Problem to work on
Could you filter the records below down to the lines that include the word "assms"?

Records for processing

○ ○ ○ ○ ○

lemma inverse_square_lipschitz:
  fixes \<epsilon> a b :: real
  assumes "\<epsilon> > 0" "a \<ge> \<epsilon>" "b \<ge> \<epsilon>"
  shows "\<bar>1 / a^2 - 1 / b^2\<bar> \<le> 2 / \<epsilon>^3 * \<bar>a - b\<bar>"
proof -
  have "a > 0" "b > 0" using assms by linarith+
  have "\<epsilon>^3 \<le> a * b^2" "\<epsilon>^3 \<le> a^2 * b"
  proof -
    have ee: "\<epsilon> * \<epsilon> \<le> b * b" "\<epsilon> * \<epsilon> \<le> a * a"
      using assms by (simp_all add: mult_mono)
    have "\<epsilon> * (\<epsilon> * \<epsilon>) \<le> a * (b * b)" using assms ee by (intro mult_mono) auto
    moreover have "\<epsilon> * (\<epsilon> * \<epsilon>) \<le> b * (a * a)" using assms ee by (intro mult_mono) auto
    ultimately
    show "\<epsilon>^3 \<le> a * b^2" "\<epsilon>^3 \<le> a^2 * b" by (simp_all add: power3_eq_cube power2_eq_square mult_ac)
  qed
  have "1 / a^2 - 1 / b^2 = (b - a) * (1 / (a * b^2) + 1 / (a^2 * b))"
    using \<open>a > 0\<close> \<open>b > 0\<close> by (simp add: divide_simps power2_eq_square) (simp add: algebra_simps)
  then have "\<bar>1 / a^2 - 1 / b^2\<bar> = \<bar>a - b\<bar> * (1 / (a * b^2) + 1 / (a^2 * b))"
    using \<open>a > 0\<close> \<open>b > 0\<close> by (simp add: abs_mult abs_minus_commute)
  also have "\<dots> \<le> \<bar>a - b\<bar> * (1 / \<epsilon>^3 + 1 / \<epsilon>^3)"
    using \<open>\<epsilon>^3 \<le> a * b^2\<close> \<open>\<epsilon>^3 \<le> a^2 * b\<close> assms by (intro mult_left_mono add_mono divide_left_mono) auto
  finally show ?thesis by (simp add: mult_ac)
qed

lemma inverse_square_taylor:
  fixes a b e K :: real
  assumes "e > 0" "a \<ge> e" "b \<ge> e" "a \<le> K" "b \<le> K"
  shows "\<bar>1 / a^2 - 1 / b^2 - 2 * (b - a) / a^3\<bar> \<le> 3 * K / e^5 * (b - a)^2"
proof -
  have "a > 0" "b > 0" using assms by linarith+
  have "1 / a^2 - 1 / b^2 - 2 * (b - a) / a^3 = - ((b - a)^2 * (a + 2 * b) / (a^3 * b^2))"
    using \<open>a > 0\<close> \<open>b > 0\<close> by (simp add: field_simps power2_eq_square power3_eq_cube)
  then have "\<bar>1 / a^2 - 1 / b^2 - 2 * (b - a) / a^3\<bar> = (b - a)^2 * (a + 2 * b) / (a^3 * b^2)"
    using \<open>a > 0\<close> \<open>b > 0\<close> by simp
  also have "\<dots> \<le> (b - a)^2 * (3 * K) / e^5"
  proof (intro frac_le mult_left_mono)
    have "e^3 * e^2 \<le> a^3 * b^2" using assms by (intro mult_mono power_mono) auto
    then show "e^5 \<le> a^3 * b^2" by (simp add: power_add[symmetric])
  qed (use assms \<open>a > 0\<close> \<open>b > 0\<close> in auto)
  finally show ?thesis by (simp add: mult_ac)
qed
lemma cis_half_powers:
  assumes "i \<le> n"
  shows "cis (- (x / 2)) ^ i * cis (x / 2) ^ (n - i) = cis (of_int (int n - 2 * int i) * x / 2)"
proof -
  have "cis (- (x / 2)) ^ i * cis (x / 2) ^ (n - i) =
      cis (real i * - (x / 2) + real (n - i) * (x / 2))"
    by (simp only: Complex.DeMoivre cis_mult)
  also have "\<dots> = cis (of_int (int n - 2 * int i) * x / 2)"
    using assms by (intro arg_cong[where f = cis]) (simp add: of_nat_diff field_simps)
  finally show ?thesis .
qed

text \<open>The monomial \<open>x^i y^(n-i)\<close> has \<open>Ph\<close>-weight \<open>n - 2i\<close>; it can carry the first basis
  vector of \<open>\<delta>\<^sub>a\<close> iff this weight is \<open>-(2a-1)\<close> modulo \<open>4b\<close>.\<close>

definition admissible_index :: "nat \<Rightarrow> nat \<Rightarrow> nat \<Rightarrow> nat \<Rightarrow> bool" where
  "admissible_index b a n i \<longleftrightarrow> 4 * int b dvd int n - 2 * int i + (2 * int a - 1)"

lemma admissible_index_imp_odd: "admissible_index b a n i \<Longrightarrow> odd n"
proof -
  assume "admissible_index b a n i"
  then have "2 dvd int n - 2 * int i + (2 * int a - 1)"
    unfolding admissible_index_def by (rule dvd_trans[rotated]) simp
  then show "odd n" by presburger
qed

○ ○ ○ ○ ○

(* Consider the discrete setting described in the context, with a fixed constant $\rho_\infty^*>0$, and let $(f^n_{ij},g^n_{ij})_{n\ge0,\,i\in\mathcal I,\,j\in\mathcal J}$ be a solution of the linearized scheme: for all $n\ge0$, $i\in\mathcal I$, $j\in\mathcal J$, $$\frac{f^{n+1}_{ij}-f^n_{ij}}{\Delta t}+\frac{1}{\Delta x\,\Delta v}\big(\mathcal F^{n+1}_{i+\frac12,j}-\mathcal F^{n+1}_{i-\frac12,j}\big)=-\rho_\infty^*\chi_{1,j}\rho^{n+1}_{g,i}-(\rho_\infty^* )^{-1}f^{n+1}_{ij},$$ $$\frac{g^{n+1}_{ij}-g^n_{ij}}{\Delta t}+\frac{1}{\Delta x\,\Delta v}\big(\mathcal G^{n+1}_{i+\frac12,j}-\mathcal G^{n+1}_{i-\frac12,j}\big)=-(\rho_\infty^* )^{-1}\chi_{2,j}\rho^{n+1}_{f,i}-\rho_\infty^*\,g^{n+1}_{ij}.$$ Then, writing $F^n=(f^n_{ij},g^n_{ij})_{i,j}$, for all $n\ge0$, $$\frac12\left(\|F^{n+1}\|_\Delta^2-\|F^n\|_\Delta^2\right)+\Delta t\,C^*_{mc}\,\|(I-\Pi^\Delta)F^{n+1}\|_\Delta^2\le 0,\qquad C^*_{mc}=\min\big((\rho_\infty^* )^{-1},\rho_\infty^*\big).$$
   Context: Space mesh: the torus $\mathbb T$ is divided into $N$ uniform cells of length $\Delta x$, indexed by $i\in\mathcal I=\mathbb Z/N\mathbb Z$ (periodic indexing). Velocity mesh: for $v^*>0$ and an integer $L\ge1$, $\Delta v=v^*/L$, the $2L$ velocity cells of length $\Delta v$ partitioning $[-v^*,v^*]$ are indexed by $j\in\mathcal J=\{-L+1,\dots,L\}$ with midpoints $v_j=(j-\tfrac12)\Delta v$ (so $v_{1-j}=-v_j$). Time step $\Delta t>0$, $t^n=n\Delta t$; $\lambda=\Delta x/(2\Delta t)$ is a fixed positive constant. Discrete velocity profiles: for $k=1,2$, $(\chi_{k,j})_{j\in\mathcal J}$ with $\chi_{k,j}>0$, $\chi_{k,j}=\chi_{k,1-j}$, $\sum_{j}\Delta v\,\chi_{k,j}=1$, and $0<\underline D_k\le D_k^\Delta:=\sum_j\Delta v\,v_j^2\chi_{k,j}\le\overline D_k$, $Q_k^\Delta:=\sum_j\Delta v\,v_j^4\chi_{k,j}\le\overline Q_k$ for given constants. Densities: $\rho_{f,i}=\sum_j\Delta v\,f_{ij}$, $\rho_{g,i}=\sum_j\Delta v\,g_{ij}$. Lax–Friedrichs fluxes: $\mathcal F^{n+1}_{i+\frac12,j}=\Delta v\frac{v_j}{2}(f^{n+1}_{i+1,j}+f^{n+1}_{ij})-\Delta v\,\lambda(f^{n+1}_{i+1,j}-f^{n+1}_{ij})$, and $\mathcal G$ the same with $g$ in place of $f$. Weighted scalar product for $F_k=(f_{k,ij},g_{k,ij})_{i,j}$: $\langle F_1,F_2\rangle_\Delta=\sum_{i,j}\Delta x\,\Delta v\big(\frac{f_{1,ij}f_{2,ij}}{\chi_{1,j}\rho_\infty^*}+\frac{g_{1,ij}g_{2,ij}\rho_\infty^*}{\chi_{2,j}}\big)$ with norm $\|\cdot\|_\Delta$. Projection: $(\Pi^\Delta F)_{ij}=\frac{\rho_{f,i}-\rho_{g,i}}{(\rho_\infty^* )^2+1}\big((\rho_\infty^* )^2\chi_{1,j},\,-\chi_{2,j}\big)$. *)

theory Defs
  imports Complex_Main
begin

○ ○ ○ ○ ○

Problem solution
  have "a > 0" "b > 0" using assms by linarith+
      using assms by (simp_all add: mult_mono)
    have "\<epsilon> * (\<epsilon> * \<epsilon>) \<le> a * (b * b)" using assms ee by (intro mult_mono) auto
    moreover have "\<epsilon> * (\<epsilon> * \<epsilon>) \<le> b * (a * a)" using assms ee by (intro mult_mono) auto
    using \<open>\<epsilon>^3 \<le> a * b^2\<close> \<open>\<epsilon>^3 \<le> a^2 * b\<close> assms by (intro mult_left_mono add_mono divide_left_mono) auto
  have "a > 0" "b > 0" using assms by linarith+
    have "e^3 * e^2 \<le> a^3 * b^2" using assms by (intro mult_mono power_mono) auto
  qed (use assms \<open>a > 0\<close> \<open>b > 0\<close> in auto)
    using assms by (intro arg_cong[where f = cis]) (simp add: of_nat_diff field_simps)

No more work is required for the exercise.